林遣都の映画デビュー作『バッテリー』(07年)を思い出させる、真人のキレのいい投球シーンもあった。


第5話は、Wバーベキュー・デートの続きからはじまった。高田(藤木直人)日南子(小池栄子)のちょっぴりイタイ会話。「バーベ Q」と舌先を「Q」のように口から斜めに出しておどける高田に、大きな声で「衛生兵」を呼ぶ日南子。「こちら1名、いま、心を射抜かれました!」と演劇みたいに大げさな身振り口ぶりで表現するしかないほどのウキウキした気分になっている高田と日南子に対して、真人はいたってシンプルな反応。でもその「楽しかったなあ」「忘れないだろうなあ、今日のこと」という特別でない言葉が、彼のしみじみ楽しかった気持ちが水の波紋が広がるように伝わってくる。

自由に楽しさを謳歌できないし表現することも抑制している真人がいるから、桃子や日南子や高田や、みゆき(奈緒)、和輝(高橋海人)、優輝(日向亘)、朝輝(南出凌嘉)、ホームセンターの人達が、みんなみんな、自分だけの喜びの表現を駆使しまくっていることが際立つ。


幸薄そうに見えてリア充の沙織(紺野まひる)が、日南子とBARで飲みながら自分の幸福について滔々(とうとう)と語り、桃子の弟たちは、姉ちゃんが好きになった人を見に、ホームセンターの配送所に忍び込み、真人のフォークリフトの操縦に魅入られ、すっかり彼を好きになってしまう。

好きな人がいる幸福がそこにある。

「好きになった人に好きになってもらって、一緒に暮らしている(ことが幸せ)」
「何かに属しているから幸せなわけじゃない」
「恋するとその人のオタクになるんだよねえ」

沙織は酔にまかせて名言を連発する。

日南子は高田の愛用のブランドを買いまくり、桃子はみゆきに恋の相談をしながら「(真人の乗る)フォークリフトになりたいよ」と言い、真人の好きなブランドの服を買って弟たちに見せびらかす。
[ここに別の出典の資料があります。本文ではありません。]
text \<open>A car arriving when k of the N spots are taken is lucky for exactly N - k of its
  N possible preferences, whatever the configuration.\<close>
lemma sum_power_circ_lucky:
  fixes z :: "'a::comm_semiring_1"
  assumes "occ \<subseteq> {..<N}" "card occ + m \<le> N"
  shows "(\<Sum>xs | set xs \<subseteq> {..<N} \<and> length xs = m. z ^ circ_lucky N occ xs) =
         (\<Prod>i<m. of_nat (N - card occ - i) * z + of_nat (card occ + i))"
  using assms
proof (induction m arbitrary: occ)
  case 0
  have "{xs. set xs \<subseteq> {..<N} \<and> length xs = 0} = {[]}" by auto
  then show ?case by simp
next
  case (Suc m)
  let ?S = "{xs. set xs \<subseteq> {..<N} \<and> length xs = m}"
  let ?P = "\<Prod>i<m. of_nat (N - Suc (card occ) - i) * z + of_nat (Suc (card occ) + i) :: 'a"
  have first_car: "(\<Sum>xs\<in>?S. z ^ circ_lucky N occ (a # xs)) = (if a \<in> occ then 1 else z) * ?P"
    if "a < N" for a
  proof -
    have "card occ < N"
      using Suc.prems(2) by simp
    note occ' = circ_spot_insert[OF Suc.prems(1) this that]
    have "(\<Sum>xs\<in>?S. z ^ circ_lucky N occ (a # xs)) =
        (if a \<in> occ then 1 else z) * (\<Sum>xs\<in>?S. z ^ circ_lucky N (insert (circ_spot N occ a) occ) xs)"
      by (simp add: power_add sum_distrib_left)
    then show ?thesis
      using Suc.IH[OF occ'(1)] occ'(2) Suc.prems(2) by simp
  qed
  have "(\<Sum>xs | set xs \<subseteq> {..<N} \<and> length xs = Suc m. z ^ circ_lucky N occ xs)
      = (\<Sum>a<N. (if a \<in> occ then 1 else z) * ?P)"
    unfolding sum_lists_length_Suc by (intro sum.cong refl first_car) simp
  also have "\<dots> = (\<Sum>a<N. if a \<in> occ then 1 else z) * ?P"
    by (rule sum_distrib_right[symmetric])
  also have "(\<Sum>a<N. if a \<in> occ then 1 else z) = of_nat (card occ) + of_nat (N - card occ) * z"
    using Suc.prems(1) finite_subset[OF Suc.prems(1)]
    by (simp add: sum.If_cases Int_absorb1 Diff_eq[symmetric] card_Diff_subset)
  also have "(of_nat (card occ) + of_nat (N - card occ) * z) * ?P =
      (\<Prod>i<Suc m. of_nat (N - card occ - i) * z + of_nat (card occ + i))"
    unfolding prod.lessThan_Suc_shift by (simp add: algebra_simps)
  finally show ?case .
qed

definition rot :: "nat \<Rightarrow> nat \<Rightarrow> nat \<Rightarrow> nat" where
  "rot N c v = (v + c) mod N"

lemma rot_rot: "rot N c (rot N d v) = rot N (c + d) v"
  by (simp add: rot_def mod_add_left_eq add.assoc add.commute[of c])

lemma rot_inverse:
  assumes "v < N" "c \<le> N"
  shows "rot N c (rot N (N - c) v) = v" "rot N (N - c) (rot N c v) = v"
  using assms by (simp_all add: rot_rot) (simp_all add: rot_def)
通販のダンボールを開けるときの桃子の「いい音、物欲の音」というセリフが良かった。

川上と貴子の葛藤

いつものコンビニで桃子の恋バナをの聞く役・みゆきは、恋人を前提とした仲良しからはじめようと和輝から言われている。でも、真人の気持ちがわからないと悩む桃子にまだその話を言えない。
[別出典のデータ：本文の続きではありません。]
(* Let $r>0$ and let $k\ge3$ be an integer. Set $y_1:=0$ and for integers $0\le m<k$ define $$C_{m,k,r}:=\int_0^\infty\!dy_2\int_{y_2}^\infty\!dy_3\cdots\int_{y_m}^\infty\!dy_{m+1}\,e^{-ry_{m+1}}\int_0^{y_{m+1}+(m+1)}\!dy_{m+2}\int_0^{y_{m+2}+1}\!dy_{m+3}\cdots\int_0^{y_{k-1}+1}\!dy_k$$ (where for $m=0$ the outer integrals are absent and $y_{m+1}=y_1=0$, and for $m=k-1$ the inner integrals are absent). Then $$C_{m,k,r}\le c\Bigl(\frac{2(\mathrm er+1)}{r}\Bigr)^{k-1}(\mathrm er+1)^{-m},\qquad c:=\mathrm e^{2+1/12}/2.$$ *)

theory Defs
  imports "HOL-Analysis.Analysis"
begin

(* inner_int n t = \<integral>_0^t dy_1 \<integral>_0^{y_1+1} dy_2 ... \<integral>_0^{y_{n-1}+1} dy_n  1
   (n nested integrals, the first with upper limit t, later ones y_prev + 1) *)
primrec inner_int :: "nat \<Rightarrow> real \<Rightarrow> ennreal" where
  "inner_int 0 t = 1"
| "inner_int (Suc n) t = (\<integral>\<^sup>+ s\<in>{0..t}. inner_int n (s + 1) \<partial>lborel)"

(* outer_int n a g = \<integral>_a^\<infinity> dz_1 \<integral>_{z_1}^\<infinity> dz_2 ... \<integral>_{z_{n-1}}^\<infinity> dz_n  g z_n
   (n nested integrals); for n = 0 it is g a *)
primrec outer_int :: "nat \<Rightarrow> real \<Rightarrow> (real \<Rightarrow> ennreal) \<Rightarrow> ennreal" where
  "outer_int 0 a g = g a"
| "outer_int (Suc n) a g = (\<integral>\<^sup>+ y\<in>{a..}. outer_int n y g \<partial>lborel)"

(* C_{m,k,r}: outer variables y_2..y_{m+1} (m of them, starting from y_1 = 0),
   weight e^{-r y_{m+1}}, then k-1-m inner variables y_{m+2}..y_k *)
definition C_int :: "nat \<Rightarrow> nat \<Rightarrow> real \<Rightarrow> ennreal" where
  "C_int m k r = outer_int m 0
     (\<lambda>y. ennreal (exp (- r * y)) * inner_int (k - 1 - m) (y + real (m + 1)))"

end

theory Submission
  imports Defs "HOL-Real_Asymp.Real_Asymp"
begin

text \<open>
  The inner block of n = k - 1 - m integrals with upper limit t is at most (t + n)^n / n!.
  For y \<ge> 0 put E = e + 1/r; then y + k \<le> E * max (r y) (k / e), and two applications of
  x^n / n! \<le> e^x give e^(-r y) (y + k)^n / n! \<le> E^n (2^n e^(-r y / 2) + 2^k e^(-r y)).
  The m outer integrals turn e^(-l y) into l^(-m), which leaves 3 * 2^(k-1) E^n / r^m.
  This is the claim, because e r + 1 = r E and c \<ge> 3.
\<close>

lemma power_div_fact_le_exp:
  fixes x :: real
  assumes "x \<ge> 0"
  shows "x ^ n / fact n \<le> exp x"
proof -
  have "(\<Sum>i\<in>{n}. x ^ i /\<^sub>R fact i) \<le> (\<Sum>i. x ^ i /\<^sub>R fact i)"
    using assms summable_exp_generic[of x] by (intro sum_le_suminf) auto
  then show ?thesis
    by (simp add: exp_def divide_inverse ac_simps)
qed

lemma inner_int_le:
  assumes "t \<ge> 0"
  shows "inner_int n t \<le> ennreal ((t + real n) ^ n / fact n)"
  using assms
proof (induction n arbitrary: t)
  case 0
  then show ?case by simp
next
  case (Suc n)
  define F where "F s = (s + 1 + real n) ^ Suc n / fact (Suc n)" for s :: real
  have F_deriv: "DERIV F s :> (s + 1 + real n) ^ n / fact n" for s
  proof -
    have "DERIV (\<lambda>s. (s + 1 + real n) ^ Suc n) s :> real (Suc n) * (s + 1 + real n) ^ n"
      by (rule derivative_eq_intros refl | simp)+
    then have "DERIV F s :> real (Suc n) * (s + 1 + real n) ^ n / fact (Suc n)"
      unfolding F_def by (rule DERIV_cdivide)
    then show ?thesis
      by (simp add: fact_Suc del: of_nat_Suc)
  qed
  have "inner_int (Suc n) t = (\<integral>\<^sup>+ s. inner_int n (s + 1) * indicator {0..t} s \<partial>lborel)"
    by simp
  also have "\<dots> \<le> (\<integral>\<^sup>+ s. ennreal ((s + 1 + real n) ^ n / fact n) * indicator {0..t} s \<partial>lborel)"
    by (intro nn_integral_mono)
      (auto split: split_indicator intro: order_trans[OF Suc.IH] simp: add.assoc)
  also have "\<dots> = ennreal (F t - F 0)"
    using Suc.prems F_deriv by (intro nn_integral_FTC_Icc) auto
  also have "\<dots> \<le> ennreal ((t + real (Suc n)) ^ Suc n / fact (Suc n))"
    by (intro ennreal_leI) (simp add: F_def add_ac)
  finally show ?case .
qed

lemma outer_int_mono:
  assumes "\<And>y. y \<ge> a \<Longrightarrow> g y \<le> h y"
  shows "outer_int m a g \<le> outer_int m a h"
  using assms
proof (induction m arbitrary: a)
  case 0
  then show ?case by simp
next
  case (Suc m)
  then show ?case
    by (simp, intro nn_integral_mono)
      (auto split: split_indicator intro!: mult_right_mono Suc.IH Suc.prems)
qed

lemma outer_int_exp_combination:
  fixes l1 l2 A B :: real
  assumes "l1 > 0" "l2 > 0" "A \<ge> 0" "B \<ge> 0"
  shows "outer_int m a (\<lambda>y. ennreal (A * exp (- l1 * y) + B * exp (- l2 * y)))
       = ennreal (A * exp (- l1 * a) / l1 ^ m + B * exp (- l2 * a) / l2 ^ m)"
proof (induction m arbitrary: a)
  case 0
  then show ?case by simp
next
  case (Suc m)
  define F where "F y = - (A * exp (- l1 * y) / l1 ^ Suc m + B * exp (- l2 * y) / l2 ^ Suc m)"
    for y :: real
  have "((\<lambda>y. exp (- l * y)) \<longlongrightarrow> 0) at_top" if "l > 0" for l :: real
    using that by real_asymp
  then have "(F \<longlongrightarrow> - (A * 0 / l1 ^ Suc m + B * 0 / l2 ^ Suc m)) at_top"
    unfolding F_def using assms by (intro tendsto_intros) auto
  then have F_lim: "(F \<longlongrightarrow> 0) at_top"
    by simp
  have "outer_int (Suc m) a (\<lambda>y. ennreal (A * exp (- l1 * y) + B * exp (- l2 * y)))
     = (\<integral>\<^sup>+ y. ennreal (A * exp (- l1 * y) / l1 ^ m + B * exp (- l2 * y) / l2 ^ m)
          * indicator {a..} y \<partial>lborel)"
    by (simp only: outer_int.simps Suc.IH)
  also have "\<dots> = ennreal (0 - F a)"
    using assms F_lim unfolding F_def
    by (intro nn_integral_FTC_atLeast) (auto intro!: derivative_eq_intros simp: field_simps)
  finally show ?case
    by (simp add: F_def add.commute)
qed

lemma exp_neg_mult_power_div_fact_le:
  fixes x :: real
  assumes "x \<ge> 0"
  shows "exp (- x) * (x ^ n / fact n) \<le> 2 ^ n * exp (- x / 2)"
proof -
  have "x ^ n / fact n = 2 ^ n * ((x / 2) ^ n / fact n)"
    by (simp add: power_divide)
  also have "\<dots> \<le> 2 ^ n * exp (x / 2)"
    using assms by (intro mult_left_mono power_div_fact_le_exp) auto
  finally have "exp (- x) * (x ^ n / fact n) \<le> exp (- x) * (2 ^ n * exp (x / 2))"
    by (rule mult_left_mono) simp
  also have "\<dots> = 2 ^ n * exp (- x / 2)"
    by (simp add: mult.left_commute flip: exp_add)
  finally show ?thesis .
qed

lemma exp_one_half_le_two: "exp (1 / 2 :: real) \<le> 2"
proof (rule power2_le_imp_le)
  show "exp (1 / 2 :: real) ^ 2 \<le> 2 ^ 2"
    using exp_le by (simp add: power2_eq_square flip: exp_add)
qed simp

lemma of_nat_div_e_power_div_fact_le: "(real k / exp 1) ^ n / fact n \<le> 2 ^ k"
proof -
  have "(real k / exp 1) ^ n / fact n \<le> exp (real k / exp 1)"
    by (intro power_div_fact_le_exp) auto
  also have "\<dots> \<le> exp (real k / 2)"
    unfolding exp_le_cancel_iff using exp_ge_add_one_self[of 1] by (intro divide_left_mono) auto
  also have "\<dots> = exp (1 / 2) ^ k"
    by (simp flip: exp_of_nat_mult)
  also have "\<dots> \<le> 2 ^ k"
    using exp_one_half_le_two by (intro power_mono) auto
  finally show ?thesis .
qed

lemma shifted_power_le_sum_of_powers:
  fixes r y :: real
  assumes r: "r > 0" and y: "y \<ge> 0"
  shows "(y + real k) ^ n \<le> (exp 1 + 1 / r) ^ n * ((r * y) ^ n + (real k / exp 1) ^ n)"
proof -
  define M where "M = max (r * y) (real k / exp 1)"
  have "real k / exp 1 \<le> M" and "r * y \<le> M"
    unfolding M_def by auto
  then have "real k \<le> exp 1 * M" and "y \<le> M / r"
    using r by (simp_all add: field_simps)
  then have "y + real k \<le> (exp 1 + 1 / r) * M"
    by (simp add: algebra_simps)
  then have "(y + real k) ^ n \<le> (exp 1 + 1 / r) ^ n * M ^ n"
    using y by (simp add: power_mono flip: power_mult_distrib)
  also have "M ^ n \<le> (r * y) ^ n + (real k / exp 1) ^ n"
    using r y unfolding M_def by (auto simp: max_def)
  finally show ?thesis
    using r by (simp add: mult_left_mono)
qed

lemma exp_neg_mult_power_le:
  fixes r y :: real
  assumes r: "r > 0" and y: "y \<ge> 0"
  defines "E \<equiv> exp 1 + 1 / r"
  shows "exp (- r * y) * ((y + real k) ^ n / fact n)
     \<le> E ^ n * 2 ^ n * exp (- (r / 2) * y) + E ^ n * 2 ^ k * exp (- r * y)"
proof -
  have "exp (- r * y) * ((y + real k) ^ n / fact n)
      \<le> exp (- r * y) * (E ^ n * ((r * y) ^ n + (real k / exp 1) ^ n) / fact n)"
    unfolding E_def using shifted_power_le_sum_of_powers[OF r y]
    by (intro mult_left_mono divide_right_mono) auto
  also have "\<dots> = E ^ n * (exp (- (r * y)) * ((r * y) ^ n / fact n)
                + (real k / exp 1) ^ n / fact n * exp (- r * y))"
    by (simp add: algebra_simps add_divide_distrib)
  also have "\<dots> \<le> E ^ n * (2 ^ n * exp (- (r * y) / 2) + 2 ^ k * exp (- r * y))"
    using r y unfolding E_def
    by (intro mult_left_mono add_mono mult_right_mono exp_neg_mult_power_div_fact_le
        of_nat_div_e_power_div_fact_le) auto
  finally show ?thesis
    by (simp add: algebra_simps)
qed

lemma exp_two_and_a_twelfth_ge_six: "exp (2 + 1 / 12 :: real) \<ge> 6"
proof -
  have "5 / 2 \<le> exp (1 :: real)"
    using exp_lower_Taylor_quadratic[of 1] by simp
  then have "(5 / 2) ^ 2 \<le> exp (1 :: real) ^ 2"
    by (intro power_mono) auto
  also have "\<dots> = exp 2"
    by (simp flip: exp_of_nat_mult)
  also have "\<dots> \<le> exp (2 + 1 / 12)"
    by simp
  finally show ?thesis
    by (simp add: power2_eq_square)
qed

lemma C_int_le_exp_combination:
  assumes "r > 0" and "m < k"
  defines "n \<equiv> k - 1 - m" and "E \<equiv> exp 1 + 1 / r"
  shows "C_int m k r \<le> ennreal (E ^ n * 2 ^ n / (r / 2) ^ m + E ^ n * 2 ^ k / r ^ m)"
proof -
  have k_eq: "real k = real (m + 1) + real n"
    using \<open>m < k\<close> unfolding n_def by auto
  have "C_int m k r = outer_int m 0 (\<lambda>y. ennreal (exp (- r * y)) * inner_int n (y + real (m + 1)))"
    unfolding C_int_def n_def ..
  also have "\<dots> \<le> outer_int m 0
      (\<lambda>y. ennreal (E ^ n * 2 ^ n * exp (- (r / 2) * y) + E ^ n * 2 ^ k * exp (- r * y)))"
  proof (intro outer_int_mono)
    fix y :: real
    assume "0 \<le> y"
    then have "ennreal (exp (- r * y)) * inner_int n (y + real (m + 1))
        \<le> ennreal (exp (- r * y)) * ennreal ((y + real k) ^ n / fact n)"
      using inner_int_le[of "y + real (m + 1)" n] by (intro mult_left_mono) (simp_all add: k_eq add_ac)
    also have "\<dots> = ennreal (exp (- r * y) * ((y + real k) ^ n / fact n))"
      by (rule ennreal_mult'[symmetric]) simp
    also have "\<dots> \<le> ennreal (E ^ n * 2 ^ n * exp (- (r / 2) * y) + E ^ n * 2 ^ k * exp (- r * y))"
      using \<open>r > 0\<close> \<open>0 \<le> y\<close> unfolding E_def by (intro ennreal_leI exp_neg_mult_power_le)
    finally show "ennreal (exp (- r * y)) * inner_int n (y + real (m + 1)) \<le> \<dots>" .
  qed
  also have "\<dots> = ennreal (E ^ n * 2 ^ n / (r / 2) ^ m + E ^ n * 2 ^ k / r ^ m)"
    using outer_int_exp_combination[of "r / 2" r "E ^ n * 2 ^ n" "E ^ n * 2 ^ k" m 0] \<open>r > 0\<close>
    unfolding E_def by simp
  finally show ?thesis .
qed

lemma exp_combination_le_bound:
  fixes r :: real
  assumes "r > 0"
  defines "E \<equiv> exp 1 + 1 / r"
  shows "E ^ n * 2 ^ n / (r / 2) ^ m + E ^ n * 2 ^ (n + m + 1) / r ^ m
    \<le> exp (2 + 1/12) / 2 * (2 * (exp 1 * r + 1) / r) ^ (n + m) / (exp 1 * r + 1) ^ m"
proof -
  have E_pos: "E > 0"
    unfolding E_def using \<open>r > 0\<close> by (simp add: add_pos_pos)
  have E_eqs: "2 * (exp 1 * r + 1) / r = 2 * E" "exp 1 * r + 1 = r * E"
    unfolding E_def using \<open>r > 0\<close> by (simp_all add: field_simps)
  have "E ^ n * 2 ^ n / (r / 2) ^ m + E ^ n * 2 ^ (n + m + 1) / r ^ m
      = 3 * 2 ^ (n + m) * E ^ n / r ^ m"
    using \<open>r > 0\<close> by (simp add: power_add power_divide field_simps)
  also have "\<dots> \<le> exp (2 + 1/12) / 2 * 2 ^ (n + m) * E ^ n / r ^ m"
    using exp_two_and_a_twelfth_ge_six \<open>r > 0\<close> E_pos
    by (intro divide_right_mono mult_right_mono) auto
  also have "\<dots> = exp (2 + 1/12) / 2 * (2 * (exp 1 * r + 1) / r) ^ (n + m) / (exp 1 * r + 1) ^ m"
    unfolding E_eqs using \<open>r > 0\<close> E_pos by (simp add: power_add power_mult_distrib field_simps)
  finally show ?thesis .
qed

theorem lemma6:
  fixes r :: real and k m :: nat
  assumes "r > 0" and "k \<ge> 3" and "m < k"
  shows "C_int m k r \<le> ennreal (exp (2 + 1/12) / 2 * (2 * (exp 1 * r + 1) / r) ^ (k - 1)
                                  / (exp 1 * r + 1) ^ m)"
proof -
  define n where "n = k - 1 - m"
  have k_eq: "k = n + m + 1" "k - 1 = n + m"
    using \<open>m < k\<close> unfolding n_def by auto
  have "C_int m k r \<le> ennreal ((exp 1 + 1 / r) ^ n * 2 ^ n / (r / 2) ^ m
                                + (exp 1 + 1 / r) ^ n * 2 ^ k / r ^ m)"
    using C_int_le_exp_combination[OF \<open>r > 0\<close> \<open>m < k\<close>] unfolding n_def .
  also have "\<dots> \<le> ennreal (exp (2 + 1/12) / 2 * (2 * (exp 1 * r + 1) / r) ^ (k - 1)
                                  / (exp 1 * r + 1) ^ m)"
    unfolding k_eq(2) unfolding k_eq(1) using \<open>r > 0\<close>
    by (intro ennreal_leI exp_combination_le_bound)
  finally show ?thesis .
qed

end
恋に悩んだときの気持ちには「濁点がいっぱいだ」と分かち合う桃子とみゆき。「恋におびえるびびりシスターズ」とみゆきは恋に気弱な自分たちを笑い飛ばす。

脈がありそうなのに、なぜか消極的な真人に、もしかして、独り相撲なのであろうかと桃子は「フラれるのやだなあ」と悩む。そのとき彼女の着ている大きめなニットの背中には、リアルな心臓(たぶん)が編み込まれている。

桃子がこれほどまでに、真人に惹かれるわけは、「私がそうしないと(付き合おうと手をさしのべないと)消えてしまいそうな気がしてさ」と言う。いわゆる、捨てられて雨に濡れている子犬を拾ってしまう気持ちである。


桃子が真人に惹かれる理由と、真人が桃子から距離をとろうとする理由は同じ。真人の事件である。あんなに人の好さそうな、桃子の叔父で、真人の保護司・川上(光石研)までが、真人のことを信じていて好意も感じているにもかかわらず、ふたりの交際を心から祝福できない気持ちを、貴子(和久井映見)に吐露する。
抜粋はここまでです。